**** LISTED ENTRIES ****
lemma moment_eq_sum_upto:
  assumes "n \<le> N"
  shows "moment i n = (\<Sum>k\<le>N. of_nat k ^ i * binom_pair (of_nat n) k * (-1/2)^k)"
  unfolding moment_def
  by (rule sum.mono_neutral_left) (use assms binom_pair_eq_0 in auto)

lemma moment_0_recurrence:
  "(of_nat n + 2) * moment 0 (n + 2) + (of_nat n + 1) * moment 0 n = 0"
proof -
  define y :: rat where "y = of_nat n + 1"
  then have "of_nat (n + 1) = y" by simp
  define g where "g k = binom_pair y k * (-1/2)^k" for k
  have shift: "((y + 1) * binom_pair (y + 1) (Suc k) + y * binom_pair (y - 1) (Suc k)) * (-1/2)^Suc k
      = - (2 * y + 1) * (g k - g (Suc k))" for k
    unfolding binom_pair_contiguous g_def by (simp add: algebra_simps)
  have "moment 0 n = (\<Sum>k\<le>Suc (n + 1). binom_pair (y - 1) k * (-1/2)^k)"
    using moment_eq_sum_upto[of n "Suc (n + 1)" 0] by (simp add: y_def del: sum.atMost_Suc)
  moreover have "moment 0 (n + 2) = (\<Sum>k\<le>Suc (n + 1). binom_pair (y + 1) k * (-1/2)^k)"
    by (simp add: moment_def y_def del: sum.atMost_Suc)
  ultimately have "(of_nat n + 2) * moment 0 (n + 2) + (of_nat n + 1) * moment 0 n
      = (\<Sum>k\<le>Suc (n + 1). ((y + 1) * binom_pair (y + 1) k + y * binom_pair (y - 1) k) * (-1/2)^k)"
    by (simp add: y_def sum_distrib_left sum.distrib algebra_simps del: sum.atMost_Suc)
  also have "\<dots> = (2 * y + 1) - (2 * y + 1) * (\<Sum>k\<le>n + 1. g k - g (Suc k))"
    by (simp only: sum.atMost_Suc_shift shift sum_distrib_left[symmetric]) (simp add: algebra_simps)
  also have "\<dots> = 0"
    using binom_pair_eq_0[of "n + 1" "n + 2"] unfolding sum_telescope \<open>of_nat (n + 1) = y\<close>
    by (simp add: g_def)
  finally show ?thesis .
qed

lemma moment_1_recurrence:
  "moment 1 (n + 2) - moment 1 n = - (2 * of_nat n + 3) * moment 0 (n + 1)"
proof -
  define y :: rat where "y = of_nat n + 1"
  then have "of_nat (n + 1) = y" by simp
  have shift: "of_nat (Suc k) * (binom_pair (y + 1) (Suc k) - binom_pair (y - 1) (Suc k)) * (-1/2)^Suc k
      = - (2 * y + 1) * (binom_pair y k * (-1/2)^k)" for k
    using binom_pair_difference[of k y] by (simp add: algebra_simps)
  have "moment 1 n = (\<Sum>k\<le>Suc (n + 1). of_nat k * binom_pair (y - 1) k * (-1/2)^k)"
    using moment_eq_sum_upto[of n "Suc (n + 1)" 1] by (simp add: y_def del: sum.atMost_Suc)
  moreover have "moment 1 (n + 2) = (\<Sum>k\<le>Suc (n + 1). of_nat k * binom_pair (y + 1) k * (-1/2)^k)"
    by (simp add: moment_def y_def del: sum.atMost_Suc)
  ultimately have "moment 1 (n + 2) - moment 1 n
      = (\<Sum>k\<le>Suc (n + 1). of_nat k * (binom_pair (y + 1) k - binom_pair (y - 1) k) * (-1/2)^k)"
    by (simp add: sum_subtractf[symmetric] algebra_simps del: sum.atMost_Suc)
  also have "\<dots> = - (2 * y + 1) * (\<Sum>k\<le>n + 1. binom_pair y k * (-1/2)^k)"
    by (simp only: sum.atMost_Suc_shift shift sum_distrib_left[symmetric])
  also have "\<dots> = - (2 * of_nat n + 3) * moment 0 (n + 1)"
    unfolding moment_def \<open>of_nat (n + 1) = y\<close> by (simp add: y_def)
  finally show ?thesis .
qed

lemma moment_2_eq:
  "moment 2 n = moment 1 n - of_nat n * (of_nat n + 1) * moment 0 n"
proof -
  define x :: rat where "x = of_nat n"
  define S where "S i = (\<Sum>k\<le>n. of_nat k ^ i * binom_pair x k * (-1/2)^k)" for i
  have shift: "of_nat (Suc k) ^ 2 * binom_pair x (Suc k) * (-1/2)^Suc k
      = (-1/2) * (x * (x + 1) * (of_nat k ^ 0 * binom_pair x k * (-1/2)^k)
          - of_nat k ^ 1 * binom_pair x k * (-1/2)^k - of_nat k ^ 2 * binom_pair x k * (-1/2)^k)" for k
  proof -
    have "of_nat (Suc k) ^ 2 * binom_pair x (Suc k) * (-1/2)^Suc k
        = (-1/2) * (((of_nat k + 1)\<^sup>2 * binom_pair x (Suc k)) * (-1/2)^k)"
      by (simp add: add.commute)
    then show ?thesis
      unfolding binom_pair_Suc by (simp add: algebra_simps power2_eq_square)
  qed
  have "moment 2 n = (\<Sum>k\<le>Suc n. of_nat k ^ 2 * binom_pair x k * (-1/2)^k)"
    using moment_eq_sum_upto[of n "Suc n" 2] by (simp add: x_def)
  also have "\<dots> = (-1/2) * (x * (x + 1) * S 0 - S 1 - S 2)"
    unfolding sum.atMost_Suc_shift shift S_def
    by (simp only: sum_distrib_left[symmetric] sum_subtractf) simp
  also have "\<dots> = (-1/2) * (x * (x + 1) * moment 0 n - moment 1 n - moment 2 n)"
    by (simp add: S_def moment_def x_def)
  finally show ?thesis by (simp add: x_def algebra_simps)
qed

lemma moment_0_even_Suc:
  assumes "moment 0 (2 * m) = (-1)^m * of_nat (2 * m choose m) / 4^m"
  shows "moment 0 (2 * Suc m) = (-1)^Suc m * of_nat (2 * Suc m choose Suc m) / 4^Suc m"
proof -
  define a :: rat where "a = of_nat m"
  define c :: rat where "c = of_nat (2 * m choose m)"
  define c' :: rat where "c' = of_nat (2 * Suc m choose Suc m)"
  have binom: "(a + 1) * c' = 2 * (2 * a + 1) * c"
    unfolding a_def c_def c'_def by (rule of_nat_central_binomial_Suc)
  have "(2 * a + 2) * moment 0 (2 * Suc m) = - (2 * a + 1) * moment 0 (2 * m)"
    using moment_0_recurrence[of "2 * m"] unfolding a_def by (simp add: algebra_simps)
  also have "\<dots> = - (2 * a + 1) * ((-1)^m * c / 4^m)"
    unfolding c_def assms ..
  finally have rec: "(2 * a + 2) * moment 0 (2 * Suc m) = - (2 * a + 1) * ((-1)^m * c / 4^m)" .
  have "(a + 1) * (4 * 4^m * moment 0 (2 * Suc m)) = 2 * 4^m * ((2 * a + 2) * moment 0 (2 * Suc m))"
    by (simp add: algebra_simps)
  also have "\<dots> = - ((-1)^m) * (2 * (2 * a + 1) * c)"
    unfolding rec by (simp add: field_simps)
  also have "\<dots> = (a + 1) * (- ((-1)^m) * c')"
    unfolding binom[symmetric] by (simp add: algebra_simps)
  finally have "4 * 4^m * moment 0 (2 * Suc m) = - ((-1)^m) * c'"
    by (rule mult_left_cancel[THEN iffD1, rotated]) (simp add: a_def add_nonneg_eq_0_iff)
  then show ?thesis
    unfolding c'_def[symmetric] by (simp add: field_simps)
qed

lemma moment_0_closed_form:
  "moment 0 (2 * m) = (-1)^m * of_nat (2 * m choose m) / 4^m \<and> moment 0 (2 * m + 1) = 0"
proof (induction m)
  case 0
  show ?case by (simp add: moment_def binom_pair_1_1)
next
  case (Suc m)
  have "(of_nat (2 * m + 1) + 2) * moment 0 (2 * m + 1 + 2) = 0"
    using moment_0_recurrence[of "2 * m + 1"] conjunct2[OF Suc.IH]
    by (simp only: mult_zero_right add_0_right)
  moreover have "(of_nat (2 * m + 1) + 2 :: rat) \<noteq> 0"
    using of_nat_0_le_iff[of "2 * m + 1"] by linarith
  moreover have "2 * m + 1 + 2 = 2 * Suc m + 1" by simp
  ultimately have "moment 0 (2 * Suc m + 1) = 0"
    by simp
  with moment_0_even_Suc[OF conjunct1[OF Suc.IH]] show ?case ..
qed

lemma moment_1_closed_form:
  "moment 1 (2 * m) = 0 \<and> moment 1 (2 * m + 1) = - (2 * of_nat m + 1) * moment 0 (2 * m)"
proof (induction m)
  case 0
  show ?case by (simp add: moment_def binom_pair_1_1)
next
  case (Suc m)
  have "moment 1 (2 * Suc m) = moment 1 (2 * m) - (4 * of_nat m + 3) * moment 0 (2 * m + 1)"
    using moment_1_recurrence[of "2 * m"] by (simp add: algebra_simps)
  then have even: "moment 1 (2 * Suc m) = 0"
    using Suc.IH moment_0_closed_form[of m] by simp
  have "moment 1 (2 * Suc m + 1) = moment 1 (2 * m + 1) - (4 * of_nat m + 5) * moment 0 (2 * Suc m)"
    using moment_1_recurrence[of "2 * m + 1"] by (simp add: algebra_simps)
  also have "moment 1 (2 * m + 1) = (2 * of_nat m + 2) * moment 0 (2 * Suc m)"
    using conjunct2[OF Suc.IH] moment_0_recurrence[of "2 * m"] by (simp add: algebra_simps)
  finally have odd: "moment 1 (2 * Suc m + 1) = - (2 * of_nat (Suc m) + 1) * moment 0 (2 * Suc m)"
    by (simp add: algebra_simps)
  from even odd show ?case ..
qed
****
> [WHAT IS EXPECTED]
Copy each line of the listing that carries the word "finally".

> [SOLUTION TO THIS EXERCISE]
  finally show ?thesis .
  finally show ?thesis .
  finally show ?thesis by (simp add: x_def algebra_simps)
  finally have rec: "(2 * a + 2) * moment 0 (2 * Suc m) = - (2 * a + 1) * ((-1)^m * c / 4^m)" .
  finally have "4 * 4^m * moment 0 (2 * Suc m) = - ((-1)^m) * c'"
  finally have odd: "moment 1 (2 * Suc m + 1) = - (2 * of_nat (Suc m) + 1) * moment 0 (2 * Suc m)"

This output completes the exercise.